── Raw data ──

lemma cell_nonempty:
  fixes P :: "'n::{finite,linorder} \<Rightarrow> 'n \<Rightarrow> edge_kind"
  assumes pg: "parking_graph P"
  obtains x where "x \<in> cell P"
proof -
  obtain y where y: "realizes P UNIV y" using realizes_exists[OF pg] by blast
  have "(\<chi> i. y i) $ j - (\<chi> i. y i) $ k \<in> open_range (P j k)" if "j < k" for j k
  proof (cases "P j k")
    case DownE
    then have "arc P k j" "ekind P k j = DownE" using ordered_pair_kind[OF \<open>j < k\<close>] by simp_all
    then show ?thesis using realizesD(3)[OF y UNIV_I UNIV_I, of k j] DownE by (simp add: open_range_def)
  next
    case DownishE
    then have arc: "arc P k j" and "ekind P k j = DownishE"
      using ordered_pair_kind[OF \<open>j < k\<close>] by simp_all
    then have "downish_spanned P k j" unfolding downish_spanned_def by blast
    then show ?thesis using realizesD(1,2)[OF y _ _ arc] DownishE by (simp add: open_range_def)
  next
    case UpE
    then have "arc P j k" using ordered_pair_kind[OF \<open>j < k\<close>] by simp
    then show ?thesis using realizesD(1)[OF y UNIV_I UNIV_I, of j k] UpE by (simp add: open_range_def)
  qed
  then show ?thesis using that unfolding cell_def by blast
qed

lemma kind_of_UpE: "kind_of d = UpE \<longleftrightarrow> d \<le> 0"
  unfolding kind_of_def by simp

lemma kind_of_length:
  shows "kind_of d = DownishE \<Longrightarrow> d \<noteq> 1 \<Longrightarrow> \<bar>d\<bar> < 1"
    and "kind_of d = DownE \<Longrightarrow> 1 < \<bar>d\<bar>"
  unfolding kind_of_def by (auto split: if_splits)

lemma pattern_ordered_pair:
  assumes "j < k"
  shows "ekind (pattern x) j k = kind_of (x $ j - x $ k)"
    and "ekind (pattern x) k j = kind_of (x $ j - x $ k)"
    and "arc (pattern x) j k \<longleftrightarrow> x $ j - x $ k \<le> 0"
    and "arc (pattern x) k j \<longleftrightarrow> 0 < x $ j - x $ k"
  using assms less_asym[OF assms] ordered_pair_kind[OF assms, of "pattern x"]
  by (simp_all add: ekind_def pattern_def kind_of_UpE not_le)

lemma arc_pattern:
  assumes x: "x \<notin> shi_union"
  shows "arc (pattern x) u v \<longleftrightarrow> u \<noteq> v \<and> x $ u < x $ v"
proof (cases u v rule: linorder_cases)
  case less
  then have "x $ u - x $ v \<noteq> 0" using x unfolding not_in_shi_union by blast
  with less show ?thesis by (auto simp: pattern_ordered_pair(3))
next
  case greater
  then have "x $ v - x $ u \<noteq> 0" using x unfolding not_in_shi_union by blast
  with greater show ?thesis by (auto simp: pattern_ordered_pair(4))
qed (simp add: arc_irrefl)

lemma ekind_pattern_length:
  assumes x: "x \<notin> shi_union" and "u \<noteq> v"
  shows "ekind (pattern x) u v = DownishE \<Longrightarrow> \<bar>x $ u - x $ v\<bar> < 1"
    and "ekind (pattern x) u v = DownE \<Longrightarrow> 1 < \<bar>x $ u - x $ v\<bar>"
proof -
  obtain j k where "j < k" and uv: "{u, v} = {j, k}"
    using \<open>u \<noteq> v\<close> by (cases u v rule: linorder_cases) auto
  then have kind: "ekind (pattern x) u v = kind_of (x $ j - x $ k)"
    and length: "\<bar>x $ u - x $ v\<bar> = \<bar>x $ j - x $ k\<bar>"
    using pattern_ordered_pair(1,2)[OF \<open>j < k\<close>] \<open>u \<noteq> v\<close> by (auto simp: doubleton_eq_iff abs_minus_commute)
  have "x $ j - x $ k \<noteq> 1" using x \<open>j < k\<close> unfolding not_in_shi_union by blast
  then show "ekind (pattern x) u v = DownishE \<Longrightarrow> \<bar>x $ u - x $ v\<bar> < 1"
    and "ekind (pattern x) u v = DownE \<Longrightarrow> 1 < \<bar>x $ u - x $ v\<bar>"
    unfolding kind length using kind_of_length by blast+
qed

text \<open>A sign pattern is acyclic since its arcs increase the coordinate, and it satisfies the
  triangle part of the source-sink condition by the distance estimates above.\<close>
lemma pattern_source_sink:
  assumes x: "x \<notin> shi_union"
  shows "source_sink_condition (pattern x)"
  unfolding source_sink_condition_def
proof (intro conjI allI impI ballI)
  let ?S = "{(u, v). x $ u < x $ v}"
  have "{(u, v). arc (pattern x) u v} \<subseteq> ?S" using arc_pattern[OF x] by auto
  then have "{(u, v). arc (pattern x) u v}\<^sup>+ \<subseteq> ?S\<^sup>+" by (rule trancl_mono_subset)
  also have "?S\<^sup>+ = ?S" by (rule trancl_id) (auto simp: trans_def)
  finally show "acyclic {(u, v). arc (pattern x) u v}" unfolding acyclic_def by auto
next
  fix a b c s t
  assume kinds: "a \<noteq> b \<and> b \<noteq> c \<and> a \<noteq> c \<and>
      (\<exists>u\<in>{a, b, c}. \<exists>v\<in>{a, b, c}. u \<noteq> v \<and> ekind (pattern x) u v = DownE) \<and>
      (\<exists>u\<in>{a, b, c}. \<exists>v\<in>{a, b, c}. u \<noteq> v \<and> ekind (pattern x) u v = DownishE)"
    and "s \<in> {a, b, c}" "t \<in> {a, b, c}"
    and st: "s \<noteq> t \<and> (\<forall>u\<in>{a, b, c}. \<not> arc (pattern x) u s) \<and> (\<forall>u\<in>{a, b, c}. \<not> arc (pattern x) t u)"
  text \<open>All three coordinates lie in the interval from the source to the sink; a downish
    source-sink edge makes it shorter than 1, a down edge inside it longer than 1.\<close>
  show "ekind (pattern x) s t \<noteq> DownishE"
  proof
    assume "ekind (pattern x) s t = DownishE"
    then have short: "\<bar>x $ s - x $ t\<bar> < 1" using ekind_pattern_length(1)[OF x] st by blast
    have lo: "x $ s \<le> x $ w" if "w \<in> {a, b, c}" for w
    proof -
      have "\<not> arc (pattern x) w s" using st that by blast
      then show ?thesis using arc_pattern[OF x, of w s] by (cases "w = s") auto
    qed
    have hi: "x $ w \<le> x $ t" if "w \<in> {a, b, c}" for w
    proof -
      have "\<not> arc (pattern x) t w" using st that by blast
      then show ?thesis using arc_pattern[OF x, of t w] by (cases "w = t") auto
    qed
    obtain u v where uv: "u \<in> {a, b, c}" "v \<in> {a, b, c}" "u \<noteq> v" "ekind (pattern x) u v = DownE"
      using kinds by blast
    have "1 < \<bar>x $ u - x $ v\<bar>" using ekind_pattern_length(2)[OF x uv(3,4)] .
    with short lo[OF uv(1)] lo[OF uv(2)] hi[OF uv(1)] hi[OF uv(2)] show False by linarith
  qed
qed

lemma parking_graph_pattern: "x \<notin> shi_union \<Longrightarrow> parking_graph (pattern x)"
  unfolding parking_graph_def using pattern_normalised pattern_source_sink by blast

lemma parking_graph_iff_pattern:
  fixes P :: "'n::{finite,linorder} \<Rightarrow> 'n \<Rightarrow> edge_kind"
  shows "parking_graph P \<longleftrightarrow> (\<exists>x. x \<notin> shi_union \<and> P = pattern x)"
proof
  assume pg: "parking_graph P"
  obtain x where x: "x \<in> cell P" using cell_nonempty[OF pg] .
  then have off: "x \<notin> shi_union" by (rule cell_avoids_shi_union)
  have "normalised_mg P" using pg unfolding parking_graph_def by simp
  with off x have "P = pattern x" using cell_iff_pattern by blast
  with off show "\<exists>x. x \<notin> shi_union \<and> P = pattern x" by blast
next
  assume "\<exists>x. x \<notin> shi_union \<and> P = pattern x"
  then obtain x where "x \<notin> shi_union" "P = pattern x" by blast
  then show "parking_graph P" by (simp add: parking_graph_pattern)
qed

lemma interior_psi_pattern:
  "x \<notin> shi_union \<Longrightarrow> interior (psi (pattern x)) = connected_component_set (- shi_union) x"
  by (simp add: interior_psi component_eq_cell)

lemma interior_psi_region:
  fixes P :: "'n::{finite,linorder} \<Rightarrow> 'n \<Rightarrow> edge_kind"
  assumes "parking_graph P"
  shows "interior (psi P) \<noteq> {} \<and> interior (psi P) \<in> shi_regions"
proof -
  obtain x where x: "x \<notin> shi_union" and "P = pattern x"
    using assms parking_graph_iff_pattern by blast
  then have "interior (psi P) = connected_component_set (- shi_union) x"
    by (simp add: interior_psi_pattern)
  moreover have "x \<in> connected_component_set (- shi_union) x" using x by simp
  ultimately show ?thesis using x unfolding shi_regions_def by blast
qed

text \<open>Distinct parking graphs give distinct regions: a point of the region determines P.\<close>
lemma inj_interior_psi:
  "inj_on (\<lambda>P. interior (psi P)) {P :: 'n::{finite,linorder} \<Rightarrow> 'n \<Rightarrow> edge_kind. parking_graph P}"
proof (rule inj_onI)
  fix P Q :: "'n \<Rightarrow> 'n \<Rightarrow> edge_kind"
  assume "P \<in> {P. parking_graph P}" and Q: "Q \<in> {P. parking_graph P}"
    and same: "interior (psi P) = interior (psi Q)"
  then obtain x where x: "x \<notin> shi_union" and P: "P = pattern x"
    using parking_graph_iff_pattern by blast
  then have "x \<in> cell Q" using same interior_psi_pattern[OF x] by (simp add: interior_psi)
  moreover have "normalised_mg Q" using Q unfolding parking_graph_def by simp
  ultimately have "Q = pattern x" using x cell_iff_pattern by blast
  with P show "P = Q" by simp
qed

text \<open>Every region arises, namely from the sign pattern of any of its points.\<close>
lemma image_interior_psi:
  "(\<lambda>P. interior (psi P)) ` {P :: 'n::{finite,linorder} \<Rightarrow> 'n \<Rightarrow> edge_kind. parking_graph P} = shi_regions"
proof (intro equalityI image_subsetI subsetI)
  fix C :: "(real, 'n) vec set" assume "C \<in> shi_regions"
  then obtain x where x: "x \<notin> shi_union" and "C = connected_component_set (- shi_union) x"
    unfolding shi_regions_def by blast
  then have "C = interior (psi (pattern x))" by (simp add: interior_psi_pattern)
  with parking_graph_pattern[OF x] show "C \<in> (\<lambda>P. interior (psi P)) ` {P. parking_graph P}" by blast
qed (use interior_psi_region in blast)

───

Work item:
Which lines of the entries above contain the word "kinds"? Copy each of them.

Output:
  assume kinds: "a \<noteq> b \<and> b \<noteq> c \<and> a \<noteq> c \<and>
      using kinds by blast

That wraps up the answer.